It no longer shows this now but still times out, even after a reboot.  I'm really unsure as to what the problem is, considering I've not changed any of the files recently.  I installed scim a few days ago but I don't see that it would cause any problems.

What do you think?

----------

## didymos

Maybe the card has confused itself.  Try unloading the module for it, then modprobing it again.  You may need to shutdown, power off, then reboot to fully reset it.
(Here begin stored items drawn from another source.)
lemma sublinear_extension_value:
  fixes p :: "'a::real_vector \<Rightarrow> real"
  assumes sub: "\<And>x y. p (x + y) \<le> p x + p y"
    and G: "subspace G" and dom: "\<forall>(x, y)\<in>G. y \<le> p x"
  obtains c where "\<And>x y. (x, y) \<in> G \<Longrightarrow> y - p (x - z) \<le> c"
    and "\<And>x y. (x, y) \<in> G \<Longrightarrow> c \<le> p (x + z) - y"
proof -
  have key: "y - p (x - z) \<le> p (x' + z) - y'" if "(x, y) \<in> G" "(x', y') \<in> G" for x y x' y'
  proof -
    have "y + y' \<le> p (x + x')"
      using dom subspace_add[OF G that] by auto
    also have "\<dots> \<le> p (x - z) + p (x' + z)"
      using sub[of "x - z" "x' + z"] by simp
    finally show ?thesis by simp
  qed
  define L where "L = {y - p (x - z) | x y. (x, y) \<in> G}"
  have "(0, 0) \<in> G"
    using subspace_0[OF G] by (simp add: zero_prod_def)
  then have "L \<noteq> {}" and "bdd_above L"
    unfolding L_def bdd_above_def using key by blast+
  show ?thesis
  proof
    show "y - p (x - z) \<le> Sup L" if "(x, y) \<in> G" for x y
      using that \<open>bdd_above L\<close> by (intro cSup_upper) (auto simp: L_def)
    show "Sup L \<le> p (x + z) - y" if "(x, y) \<in> G" for x y
      using \<open>L \<noteq> {}\<close> by (intro cSup_least) (auto simp: L_def intro: key that)
  qed
qed

lemma sublinear_extension_step:
  fixes p :: "'a::real_vector \<Rightarrow> real"
  assumes sub: "\<And>x y. p (x + y) \<le> p x + p y"
    and hom: "\<And>c x. c > 0 \<Longrightarrow> p (c *\<^sub>R x) = c * p x"
    and G: "subspace G" and dom: "\<forall>(x, y)\<in>G. y \<le> p x"
  obtains c where "\<And>x y t. (x, y) \<in> G \<Longrightarrow> y + t * c \<le> p (x + t *\<^sub>R z)"
proof -
  obtain c where below: "\<And>x y. (x, y) \<in> G \<Longrightarrow> y - p (x - z) \<le> c"
    and above: "\<And>x y. (x, y) \<in> G \<Longrightarrow> c \<le> p (x + z) - y"
    using sublinear_extension_value[OF sub G dom] by metis
  have "y + t * c \<le> p (x + t *\<^sub>R z)" if xy: "(x, y) \<in> G" for x y t
  proof (cases t "0::real" rule: linorder_cases)
    case less
    have "(x /\<^sub>R (- t), y / (- t)) \<in> G"
      using subspace_scale[OF G xy, of "inverse (- t)"] by (simp add: divide_inverse_commute)
    then have "y / (- t) - p (x /\<^sub>R (- t) - z) \<le> c"
      by (rule below)
    moreover have "p (x + t *\<^sub>R z) = (- t) * p (x /\<^sub>R (- t) - z)"
      using hom[of "- t" "x /\<^sub>R (- t) - z"] less by (simp add: algebra_simps)
    ultimately show ?thesis
      using less by (simp add: field_simps)
  next
    case equal
    then show ?thesis using dom xy by auto
  next
    case greater
    have "(x /\<^sub>R t, y / t) \<in> G"
      using subspace_scale[OF G xy, of "inverse t"] by (simp add: divide_inverse_commute)
    then have "c \<le> p (x /\<^sub>R t + z) - y / t"
      by (rule above)
    moreover have "p (x + t *\<^sub>R z) = t * p (x /\<^sub>R t + z)"
      using hom[of t "x /\<^sub>R t + z"] greater by (simp add: algebra_simps)
    ultimately show ?thesis
      using greater by (simp add: field_simps)
  qed
  then show ?thesis using that by blast
qed

lemma dominated_subspace_extend:
  fixes p :: "'a::real_vector \<Rightarrow> real"
  assumes sub: "\<And>x y. p (x + y) \<le> p x + p y"
    and hom: "\<And>c x. c > 0 \<Longrightarrow> p (c *\<^sub>R x) = c * p x"
    and G: "subspace G" and dom: "\<forall>(x, y)\<in>G. y \<le> p x" and z: "\<forall>y. (z, y) \<notin> G"
  shows "\<exists>G'. subspace G' \<and> (\<forall>(x, y)\<in>G'. y \<le> p x) \<and> G \<subset> G'"
proof -
  obtain c where c: "\<And>x y t. (x, y) \<in> G \<Longrightarrow> y + t * c \<le> p (x + t *\<^sub>R z)"
    using sublinear_extension_step[OF sub hom G dom] by metis
  define G' where "G' = span (insert (z, c) G)"
  have "G \<subseteq> G'" and "(z, c) \<in> G'"
    unfolding G'_def by (auto intro: span_base)
  moreover have "b \<le> p a" if ab: "(a, b) \<in> G'" for a b
  proof -
    obtain t where "(a - t *\<^sub>R z, b - t * c) \<in> G"
      using ab unfolding G'_def span_breakdown_eq span_eq_iff[THEN iffD2, OF G] by auto
    then show ?thesis
      using c[of "a - t *\<^sub>R z" "b - t * c" t] by simp
  qed
  ultimately have "subspace G' \<and> (\<forall>(x, y)\<in>G'. y \<le> p x) \<and> G \<subset> G'"
    using z by (auto simp: G'_def)
  then show ?thesis ..
qed

lemma subspace_Union_chain:
  assumes "C \<noteq> {}" and chain: "subset.chain {G. subspace G} C"
  shows "subspace (\<Union>C)"
proof -
  have subspaces: "\<And>G. G \<in> C \<Longrightarrow> subspace G"
    using chain unfolding subset.chain_def by blast
  have "x + y \<in> \<Union>C" if xy: "x \<in> \<Union>C" "y \<in> \<Union>C" for x y
  proof -
    obtain G H where GH: "G \<in> C" "H \<in> C" "x \<in> G" "y \<in> H"
      using xy by blast
    with chain have "G \<subseteq> H \<or> H \<subseteq> G"
      unfolding subset.chain_def by blast
    then have "x + y \<in> G \<or> x + y \<in> H"
      using subspace_add subspaces GH by (metis subsetD)
    then show ?thesis
      using GH by blast
  qed
  moreover have "c *\<^sub>R x \<in> \<Union>C" if "x \<in> \<Union>C" for c x
    using that subspace_scale subspaces by blast
  moreover have "0 \<in> \<Union>C"
    using assms(1) subspace_0 subspaces by blast
  ultimately show ?thesis
    unfolding subspace_def by blast
qed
[edit]OK, wait.  Check /var/lib/ for any dhcp-related directories. I don't know what client you use, so I can't give a directory name.  Anyway, make sure the interface is down, and remove whatever is in /var/lib/<dhcpsomethingorother>/, then try to bring it back up.

----------

## Xamien

full shutdown and bootup, no dice.

----------

## Xamien

okay, it's dhcpcd I use.  took out everthing that was in /var/lib/dhcpc, net.ra0 restarted, but still timed out.

I may have misunderstood what you meant about the interface.

----------

## Xamien

bump

----------

## didymos

I just meant stop net.ra0, then wipe the files.  Still, didn't work anyway.  The thing with that error message is that usually it means the interface is already configured.  Check /var/log/messages (or whatever you use if you've customized logging), and dmesg. 

Also, try this topic:

Error, dhcpConfig: ioctl SIOCADDRT: File exists [SOLVED]

Don't get too excited.  It's not much of a solution, but it may give you some ideas, plus there're other links in there to follow.

----------

## Xamien

Yeah, that error never repeated itself after the first few times.  Now it just times out, both on "net.ra0 restart"  and on manual "dhcpcd ra0"

----------

## Xamien

bump

Any ideas?  All of the config files for ra0 and dhcp appear to be correct but I'm still getting timed out when I try to get a dhcp response.

----------

## Xamien

Ok, so nothing was wrong with the networking files.  I got a wild hair to try renaming out the .xsession file I added to my home directory to take it out of the loop.  The only thing I added .xsession for (it didn't exist prior to me adding it) was to put in the little lines of code for getting scim to work.

Can anyone explain why .xsession would affect my ability to get a dhcp address?

----------

## UberLord

It won't  :Razz: 

However, it would be helpful to ensure that you're

1) Using dhcpcd-3.0.16 or later

and

2) run it with the -d flag and post the contents here

----------

## DawgG

why don't u try setting an address by hand? then you'll quickly find out if it's hw-related or a dhcp-sw problem. also, what happens when u start dhcpcd by hand? maybe with a longer timeout?

----------